## Records provided

lemma integral_ln_minus_over_x_approx:
  fixes b N :: real
  assumes "1 \<le> b" "2 * b \<le> N"
  shows "\<bar>integral {1..b} (\<lambda>x. ln (N - x) / x) - ln N * ln b\<bar> \<le> ln b"
proof -
  have int_c_over_x: "((\<lambda>x. c / x) has_integral (c * ln b)) {1..b}" for c
    using has_integral_of_real_derivative[of 1 b "\<lambda>x. c * ln x" "\<lambda>x. c / x"] assms
    by (force intro!: derivative_eq_intros)
  have ln_bounds: "ln N - 1 \<le> ln (N - x)" "ln (N - x) \<le> ln N" if "x \<in> {1..b}" for x
  proof -
    have "ln (N / (N - x)) \<le> N / (N - x) - 1"
      using that assms by (intro ln_le_minus_one) auto
    also have "\<dots> \<le> 1"
      using that assms by (simp add: field_simps)
    finally show "ln N - 1 \<le> ln (N - x)"
      using that assms by (simp add: ln_div)
    show "ln (N - x) \<le> ln N"
      using that assms by simp
  qed
  have f: "(\<lambda>x. ln (N - x) / x) integrable_on {1..b}"
    using assms by (intro integrable_continuous_interval continuous_intros) auto
  have "(ln N - 1) * ln b \<le> integral {1..b} (\<lambda>x. ln (N - x) / x)"
    using ln_bounds(1) int_c_over_x[of "ln N - 1"]
    by (intro has_integral_le[OF _ integrable_integral[OF f]]) (auto intro: divide_right_mono)
  moreover have "integral {1..b} (\<lambda>x. ln (N - x) / x) \<le> ln N * ln b"
    using ln_bounds(2) int_c_over_x[of "ln N"]
    by (intro has_integral_le[OF integrable_integral[OF f]]) (auto intro: divide_right_mono)
  ultimately show ?thesis
    by (simp add: abs_le_iff algebra_simps)
qed

lemma integral_psi_mult_ln_minus_over_x:
  fixes b N :: real
  assumes "1 \<le> b" "2 * b \<le> N"
  shows "\<bar>integral {1..b} (\<lambda>x. psi x * (ln (N - x) / x)) - ln N * ln b / 6\<bar> \<le> 4 * ln N + 1"
proof -
  let ?f = "\<lambda>x. ln (N - x) / x"
  let ?f' = "\<lambda>x. - 1 / ((N - x) * x) - ln (N - x) / x\<^sup>2"
  have "\<bar>integral {1..b} (\<lambda>x. psi x * ?f x) - integral {1..b} ?f / 6\<bar>
      \<le> \<bar>?f 1\<bar> + \<bar>?f b\<bar> + ((1 + ln N) - (1 + ln N) / b)"
  proof (rule integral_psi_mult_approx)
    show "(?f has_real_derivative ?f' x) (at x)" if "x \<in> {1..b}" for x
      using that assms by (auto intro!: derivative_eq_intros simp: field_simps power2_eq_square)
    show "((\<lambda>x. (1 + ln N) / x\<^sup>2) has_integral ((1 + ln N) - (1 + ln N) / b)) {1..b}"
      by (rule has_integral_const_div_square[OF assms(1)])
    show "\<bar>?f' x\<bar> \<le> (1 + ln N) / x\<^sup>2" if "x \<in> {1..b}" for x
    proof -
      have "1 / ((N - x) * x) \<le> 1 / x\<^sup>2"
        using that assms by (intro divide_left_mono) (auto simp: power2_eq_square intro: mult_right_mono)
      moreover have "ln (N - x) / x\<^sup>2 \<le> ln N / x\<^sup>2"
        using that assms by (intro divide_right_mono) auto
      moreover have "0 \<le> 1 / ((N - x) * x)" "0 \<le> ln (N - x) / x\<^sup>2"
        using that assms by auto
      moreover have "(1 + ln N) / x\<^sup>2 = 1 / x\<^sup>2 + ln N / x\<^sup>2"
        by (simp add: add_divide_distrib)
      ultimately show ?thesis
        by (simp only: abs_le_iff) linarith
    qed
  qed (use assms in \<open>auto intro!: continuous_intros\<close>)
  moreover have "\<bar>?f 1\<bar> \<le> ln N" "\<bar>?f b\<bar> \<le> ln N"
  proof -
    show "\<bar>?f 1\<bar> \<le> ln N"
      using assms by simp
    have "ln (N - b) / b \<le> ln (N - b) / 1"
      using assms by (intro divide_left_mono) auto
    moreover have "ln (N - b) \<le> ln N"
      using assms by simp
    ultimately show "\<bar>?f b\<bar> \<le> ln N"
      using assms by (simp, linarith)
  qed
  moreover have "0 \<le> (1 + ln N) / b" "ln b \<le> ln N"
    using assms by auto
  ultimately show ?thesis
    using integral_ln_minus_over_x_approx[OF assms] by linarith
qed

## To do
Would you restate exactly the lines of the material above, from its opening line through the line with "using that assms by (simp add: field_simps)", and output only those?

## Answer to this exercise
lemma integral_ln_minus_over_x_approx:
  fixes b N :: real
  assumes "1 \<le> b" "2 * b \<le> N"
  shows "\<bar>integral {1..b} (\<lambda>x. ln (N - x) / x) - ln N * ln b\<bar> \<le> ln b"
proof -
  have int_c_over_x: "((\<lambda>x. c / x) has_integral (c * ln b)) {1..b}" for c
    using has_integral_of_real_derivative[of 1 b "\<lambda>x. c * ln x" "\<lambda>x. c / x"] assms
    by (force intro!: derivative_eq_intros)
  have ln_bounds: "ln N - 1 \<le> ln (N - x)" "ln (N - x) \<le> ln N" if "x \<in> {1..b}" for x
  proof -
    have "ln (N / (N - x)) \<le> N / (N - x) - 1"
      using that assms by (intro ln_le_minus_one) auto
    also have "\<dots> \<le> 1"
      using that assms by (simp add: field_simps)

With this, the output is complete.